You know how they say have a birth plan but expect it to change? Yeah, that’s so true! I had spent months watching beautiful home birth videos and looking at photos and when my time came I felt like an overstuffed sausage that was being ripped in half! Not graceful or elegant at all! As the night progressed I stayed firmly planted in the one kitchen chair that I’ve hated for years. Funny how things work out in the end. I rode the waves with my husband in front of me steadily progressing through the night. Things slowed down and this weight of exhaustion fell over me to where I could barely walk and between each contraction I was falling asleep. With assistance I made it to the bedroom and curled up to try and get some sleep between contractions before they picked back up.
At one point I went to the couch to try and get a little more comfortable. I laid there on my side going through the motions of breathing and working through the pain when in my head I was screaming “STOP LICKING MY TOES!” Unknown to anyone else in the room my cat was licking my foot that was hanging off the couch! Shortly after I was rolled to my back and my water was broken by assistance. That’s when it hit me! I’m on my brand new couch in the middle of a beige carpeted living room! Shit! I sat up and tried to quickly make it to the hardwood floor. I successfully made it all the while my husband laughed saying I needed more puppy piddle pads under me. Swear this guy was begging for a divorce!
I’m not sure when they started back up but here I was doing everything I didn’t have on my birth plan! I was in my bed instead of my pool and on my back in one of the hardest positions to birth in. Even then I was very happy in a loose term. I was in my home, in my bed, losing my voice from screaming, and when I could lookup my cat was creepily staring me down wondering what kind of hell I got myself into! Even then I wouldn’t change a single thing.
After several hours of pushing it was suggested I try and stand to let gravity help me out. I thought “yes! I’ve seen those photos! I’ve seen those beautiful women standing so strong. That’s easy I can do that. I can be beautiful too!” I was so very wrong! I tried standing. The moment I got up and saw my reflection in our bedroom tv I felt like I was staring down my 14 year old self. The sweat from labor had saturated my hair and my pony tail had gone from a nice tight one in the back of my head to mostly out causing this extreme mass of messy curly Jewish fro to emerge before me! My husband couldn’t help it he laughed and held me up while I attempted to fix the mess.
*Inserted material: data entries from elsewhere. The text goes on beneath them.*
lemma cubic_cost_le:
  fixes k L S :: real
  assumes "1 \<le> k" "k \<le> S\<^sup>2" "1 \<le> S" "L \<le> k + S"
  shows "k ^ 3 + k\<^sup>2 * L \<le> 3 * S ^ 6"
proof -
  have "k ^ 3 \<le> (S\<^sup>2) ^ 3" "k\<^sup>2 \<le> (S\<^sup>2)\<^sup>2"
    using assms by (intro power_mono; simp)+
  then have k3: "k ^ 3 \<le> S ^ 6" and k2: "k\<^sup>2 \<le> S ^ 4"
    by (simp_all flip: power_mult)
  have "S ^ 4 * S \<le> S ^ 6"
    using \<open>1 \<le> S\<close> by (simp flip: power_Suc2) (intro power_increasing, auto)
  then have "k\<^sup>2 * S \<le> S ^ 6"
    using k2 \<open>1 \<le> S\<close> by (meson dual_order.trans mult_right_mono zero_le_one order_trans)
  have "k\<^sup>2 * L \<le> k\<^sup>2 * (k + S)"
    using assms by (intro mult_left_mono) auto
  also have "\<dots> = k ^ 3 + k\<^sup>2 * S"
    by (simp add: algebra_simps power2_eq_square power3_eq_cube)
  finally show ?thesis
    using k3 \<open>k\<^sup>2 * S \<le> S ^ 6\<close> by simp
qed

lemma ira_cost_poly_bound:
  assumes spec: "IRA_spec ira cost C" and rel: "is_int_rel b m"
    and len: "length b = 1 + p * R + p" and small: "\<forall>z\<in>set m. \<bar>z\<bar> \<le> Qh * Rh"
    and Qh: "0 < Qh" and Rh: "0 < Rh"
  shows "cost b \<le> 3 * max C 0 * (real p + real R + ln (of_int Qh) + ln (of_int Rh) + 1) ^ 6"
proof -
  define k where "k = real (length b)"
  define S where "S = real p + real R + ln (of_int Qh) + ln (of_int Rh) + 1"
  have ln_nonneg: "0 \<le> ln (of_int Qh :: real)" "0 \<le> ln (of_int Rh :: real)"
    using Qh Rh by simp_all
  have k: "1 \<le> k" "k \<le> S\<^sup>2"
  proof -
    have "k \<le> (real p + real R + 1)\<^sup>2"
      unfolding k_def len by (simp add: power2_eq_square algebra_simps)
    also have "\<dots> \<le> S\<^sup>2"
      unfolding S_def using ln_nonneg by (intro power_mono) auto
    finally show "k \<le> S\<^sup>2" .
  qed (simp add: k_def len)
  have "length m = length b"
    using rel unfolding is_int_rel_def by simp
  then have norm_le: "int_vec_norm m \<le> sqrt k * (of_int Qh * of_int Rh)"
    using int_vec_norm_le[OF _ small] Qh Rh unfolding k_def by simp
  have "0 \<le> ln k" "ln k < k"
    using k by simp_all
  then have "ln k / 2 \<le> k"
    by linarith
  have "ln (int_vec_norm m) \<le> ln (sqrt k * (of_int Qh * of_int Rh))"
    using norm_le min_rel_norm_bounds[OF rel] by (intro ln_mono) auto
  also have "\<dots> = ln k / 2 + ln (of_int Qh) + ln (of_int Rh)"
    using k Qh Rh by (simp add: ln_mult ln_sqrt)
  also have "\<dots> \<le> k + S"
    using \<open>ln k / 2 \<le> k\<close> unfolding S_def by (simp add: add_increasing2)
  finally have "ln (int_vec_norm m) \<le> k + S" .
  then have "k ^ 3 + k\<^sup>2 * ln (int_vec_norm m) \<le> 3 * S ^ 6"
    using k by (intro cubic_cost_le) (auto simp: S_def ln_nonneg)
  then have "max C 0 * (k ^ 3 + k\<^sup>2 * ln (int_vec_norm m)) \<le> max C 0 * (3 * S ^ 6)"
    by (intro mult_left_mono) auto
  then show ?thesis
    using IRA_spec_cost_le[OF spec rel] unfolding k_def S_def by simp
qed
(* Let $k\ge0$, $f,g\in\mathbf P_k(\Gamma,\mathbb R^+;\mathbb C^3)$, and $\varphi\in C^\infty(\Gamma;\mathbb R^3)$ tangential ($\varphi\cdot n=0$). Then the problem: find $(u,v)\in C^\infty(\Gamma;C^\infty(\mathbb R^+))^2$ ($\mathbb C^3$-valued) with $$\partial_\eta v\times n+\tfrac1\omega u=e^{-\sqrt i\,\eta}f,\qquad -\partial_\eta u\times n+i\omega v=e^{-\sqrt i\,\eta}g\qquad\text{in }\Gamma\times\mathbb R^+,$$ $u(x_\Gamma,0)\times n=\varphi(x_\Gamma)$ for all $x_\Gamma\in\Gamma$, and $\int_0^\infty|u(x_\Gamma,\eta)|^2d\eta<\infty$, $\int_0^\infty|v(x_\Gamma,\eta)|^2d\eta<\infty$ for all $x_\Gamma\in\Gamma$, has a unique solution, and it is of the form $u=e^{-\sqrt i\,\eta}p$, $v=e^{-\sqrt i\,\eta}q$ with $p,q\in\mathbf P_{k+1}(\Gamma,\mathbb R^+;\mathbb C^3)$.
   Context: $\Gamma$ is a smooth closed surface in $\mathbb R^3$ with unit normal field $n$; $\omega>0$; $\sqrt i:=\frac{\sqrt2}{2}(1+i)$. Functions are of $(x_\Gamma,\eta)\in\Gamma\times\mathbb R^+$. $\mathbf P_k(\Gamma,\mathbb R^+;\mathbb C^3)$ denotes the set of functions $u(x_\Gamma,\eta)=\sum_{j=0}^k a_j(x_\Gamma)\eta^j$ with $a_j\in C^\infty(\Gamma;\mathbb C^3)$. *)

theory Defs
  imports "HOL-Analysis.Analysis"
begin

fun dd :: "'a::real_normed_vector list \<Rightarrow> ('a \<Rightarrow> 'b::real_normed_vector) \<Rightarrow> 'a \<Rightarrow> 'b" where
  "dd [] f = f"
| "dd (v # vs) f = (\<lambda>x. frechet_derivative (dd vs f) (at x) v)"

(* C^infinity on an open set S: all iterated directional derivatives exist and are
   (Frechet) differentiable on S; in finite dimension this is exactly C^infinity. *)
definition smooth_on :: "'a::real_normed_vector set \<Rightarrow> ('a \<Rightarrow> 'b::real_normed_vector) \<Rightarrow> bool" where
  "smooth_on S f \<longleftrightarrow> (\<forall>vs. \<forall>x\<in>S. dd vs f differentiable (at x))"

definition smooth_closed_surface :: "(real^3) set \<Rightarrow> bool" where
  "smooth_closed_surface \<Gamma> \<longleftrightarrow> compact \<Gamma> \<and> \<Gamma> \<noteq> {} \<and>
     (\<exists>F :: real^3 \<Rightarrow> real. smooth_on UNIV F \<and> \<Gamma> = {x. F x = 0} \<and>
        (\<forall>x\<in>\<Gamma>. frechet_derivative F (at x) \<noteq> (\<lambda>_. 0)))"

definition tangent_space :: "(real^3) set \<Rightarrow> real^3 \<Rightarrow> (real^3) set" where
  "tangent_space \<Gamma> x = {t. \<exists>\<gamma> :: real \<Rightarrow> real^3. \<gamma> C1_differentiable_on UNIV \<and>
        range \<gamma> \<subseteq> \<Gamma> \<and> \<gamma> 0 = x \<and> vector_derivative \<gamma> (at 0) = t}"

(* C^infinity(\<Gamma>; V): restrictions to \<Gamma> of smooth functions on R^3 *)
definition smooth_on_surf :: "(real^3) set \<Rightarrow> (real^3 \<Rightarrow> 'b::real_normed_vector) \<Rightarrow> bool" where
  "smooth_on_surf \<Gamma> a \<longleftrightarrow> (\<exists>A. smooth_on UNIV A \<and> (\<forall>x\<in>\<Gamma>. a x = A x))"

definition unit_normal_field :: "(real^3) set \<Rightarrow> (real^3 \<Rightarrow> real^3) \<Rightarrow> bool" where
  "unit_normal_field \<Gamma> n \<longleftrightarrow> smooth_on_surf \<Gamma> n \<and>
     (\<forall>x\<in>\<Gamma>. norm (n x) = 1 \<and> (\<forall>t\<in>tangent_space \<Gamma> x. n x \<bullet> t = 0))"

(* C^infinity(\<Gamma>; C^infinity(R^+)): functions on \<Gamma> \<times> [0,\<infinity>) that are restrictions of
   jointly smooth functions on R^3 \<times> R *)
definition smooth_surf_halfline :: "(real^3) set \<Rightarrow> (real^3 \<Rightarrow> real \<Rightarrow> 'b::real_normed_vector) \<Rightarrow> bool" where
  "smooth_surf_halfline \<Gamma> u \<longleftrightarrow>
     (\<exists>U :: (real^3) \<times> real \<Rightarrow> 'b. smooth_on UNIV U \<and> (\<forall>x\<in>\<Gamma>. \<forall>\<eta>\<ge>0. u x \<eta> = U (x, \<eta>)))"

definition poly_class :: "nat \<Rightarrow> (real^3) set \<Rightarrow> (real^3 \<Rightarrow> real \<Rightarrow> complex^3) \<Rightarrow> bool" where
  "poly_class k \<Gamma> u \<longleftrightarrow> (\<exists>a :: nat \<Rightarrow> real^3 \<Rightarrow> complex^3.
      (\<forall>j\<le>k. smooth_on_surf \<Gamma> (a j)) \<and>
      (\<forall>x\<in>\<Gamma>. \<forall>\<eta>\<ge>0. u x \<eta> = (\<Sum>j\<le>k. (\<eta> ^ j) *\<^sub>R a j x)))"

definition ccross :: "complex^3 \<Rightarrow> complex^3 \<Rightarrow> complex^3" where
  "ccross x y = vector [x$2 * y$3 - x$3 * y$2, x$3 * y$1 - x$1 * y$3, x$1 * y$2 - x$2 * y$1]"

definition cvec :: "real^3 \<Rightarrow> complex^3" where
  "cvec v = (\<chi> i. complex_of_real (v $ i))"

definition sqrt_i :: complex where
  "sqrt_i = complex_of_real (sqrt 2 / 2) * (1 + \<i>)"

definition edecay :: "real \<Rightarrow> complex" where
  "edecay \<eta> = exp (- sqrt_i * complex_of_real \<eta>)"

definition is_solution ::
  "(real^3) set \<Rightarrow> (real^3 \<Rightarrow> real^3) \<Rightarrow> real \<Rightarrow> (real^3 \<Rightarrow> real \<Rightarrow> complex^3) \<Rightarrow>
   (real^3 \<Rightarrow> real \<Rightarrow> complex^3) \<Rightarrow> (real^3 \<Rightarrow> real^3) \<Rightarrow>
   (real^3 \<Rightarrow> real \<Rightarrow> complex^3) \<Rightarrow> (real^3 \<Rightarrow> real \<Rightarrow> complex^3) \<Rightarrow> bool" where
  "is_solution \<Gamma> n \<omega> f g \<phi> u v \<longleftrightarrow>
     smooth_surf_halfline \<Gamma> u \<and> smooth_surf_halfline \<Gamma> v \<and>
     (\<forall>x\<in>\<Gamma>. \<forall>\<eta>>0.
        ccross (vector_derivative (v x) (at \<eta>)) (cvec (n x)) + complex_of_real (1 / \<omega>) *s u x \<eta>
          = edecay \<eta> *s f x \<eta> \<and>
        - ccross (vector_derivative (u x) (at \<eta>)) (cvec (n x)) + (\<i> * complex_of_real \<omega>) *s v x \<eta>
          = edecay \<eta> *s g x \<eta>) \<and>
     (\<forall>x\<in>\<Gamma>. ccross (u x 0) (cvec (n x)) = cvec (\<phi> x)) \<and>
     (\<forall>x\<in>\<Gamma>. (\<integral>\<^sup>+ \<eta>\<in>{0..}. ennreal ((norm (u x \<eta>))\<^sup>2) \<partial>lborel) < \<infinity> \<and>
              (\<integral>\<^sup>+ \<eta>\<in>{0..}. ennreal ((norm (v x \<eta>))\<^sup>2) \<partial>lborel) < \<infinity>)"

end

theory Submission
  imports Defs
begin

(*
  Boundary-layer problem: for each point x of the surface the system is an ODE in the
  normal variable eta with constant coefficients, so the proof works pointwise in x.

  Seek u = e^(-s eta) p, v = e^(-s eta) q with s = sqrt i and p, q
  polynomials of degree k + 1 in eta.  Dividing out the exponential turns the system into
  two coefficient identities involving the shifted derivative p' - s p.  These are solved
  explicitly: the normal part of p is read off from f, the tangential part is obtained by a
  finite downward recursion (the equation 2 s R_m = (m+1) R_(m+1) - h_m), and q is then
  determined by the second equation.  The coefficients are smooth because the class of
  smooth maps is closed under sums, bounded linear maps and bounded bilinear maps, and the
  resulting u, v are square integrable since |e^(-s eta)| = e^(-eta/sqrt 2).

  The difference (w, z) of two solutions solves the homogeneous system.  The
  combinations A = w_T + s omega (z x n) and B = w_T - s omega (z x n) of the tangential
  parts satisfy A' = -s A and B' = s B.  The growing mode B must vanish because w and z are
  square integrable, and A(0) = 0 by the boundary condition; hence w = z = 0.

  Since the constructed solution has the stated form, uniqueness gives the representation
  of every solution.
*)

section \<open>Smooth maps\<close>

abbreviation smooth :: "('a::real_normed_vector \<Rightarrow> 'b::real_normed_vector) \<Rightarrow> bool" where
  "smooth f \<equiv> smooth_on UNIV f"

abbreviation dir_deriv :: "('a::real_normed_vector \<Rightarrow> 'b::real_normed_vector) \<Rightarrow> 'a \<Rightarrow> 'a \<Rightarrow> 'b" where
  "dir_deriv f v \<equiv> (\<lambda>x. frechet_derivative f (at x) v)"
The next contraction was about to happen and I was ready. I had this. I would stand and be beautiful and strong and catch my baby like all those women I had seen! Nope! The contraction hit and I quickly collapsed into a heap on the floor. Not beautiful and not strong and if they thought I was able to bend over to catch my baby ha! That was unlikely at that point with how sore everything was.
So there I was on the floor of my bedroom with what little room we had birthing my baby. Damn they are going to charge us a carpet cleaning fee for the mess that’s about to happen for sure! Not more than maybe 30 min after moving to the floor his head was nearly out. They had me reach down and feel him and that’s all I needed to muster up the last remaining energy I had and push him out. I honestly didn’t even know he was out until I saw him. This entire wave of relief and fog washed over me for about 5 min. My stubborn radiant boy was there on my chest. That first big cry sent a wave of relief and tears came instantly. My overly exhausted husband who missed his first day of college was next to me crying cutting the cord of our first child. I was depleted of energy and so sore I couldn’t even bend my fingers but this squishy tiny human was healthy and safe.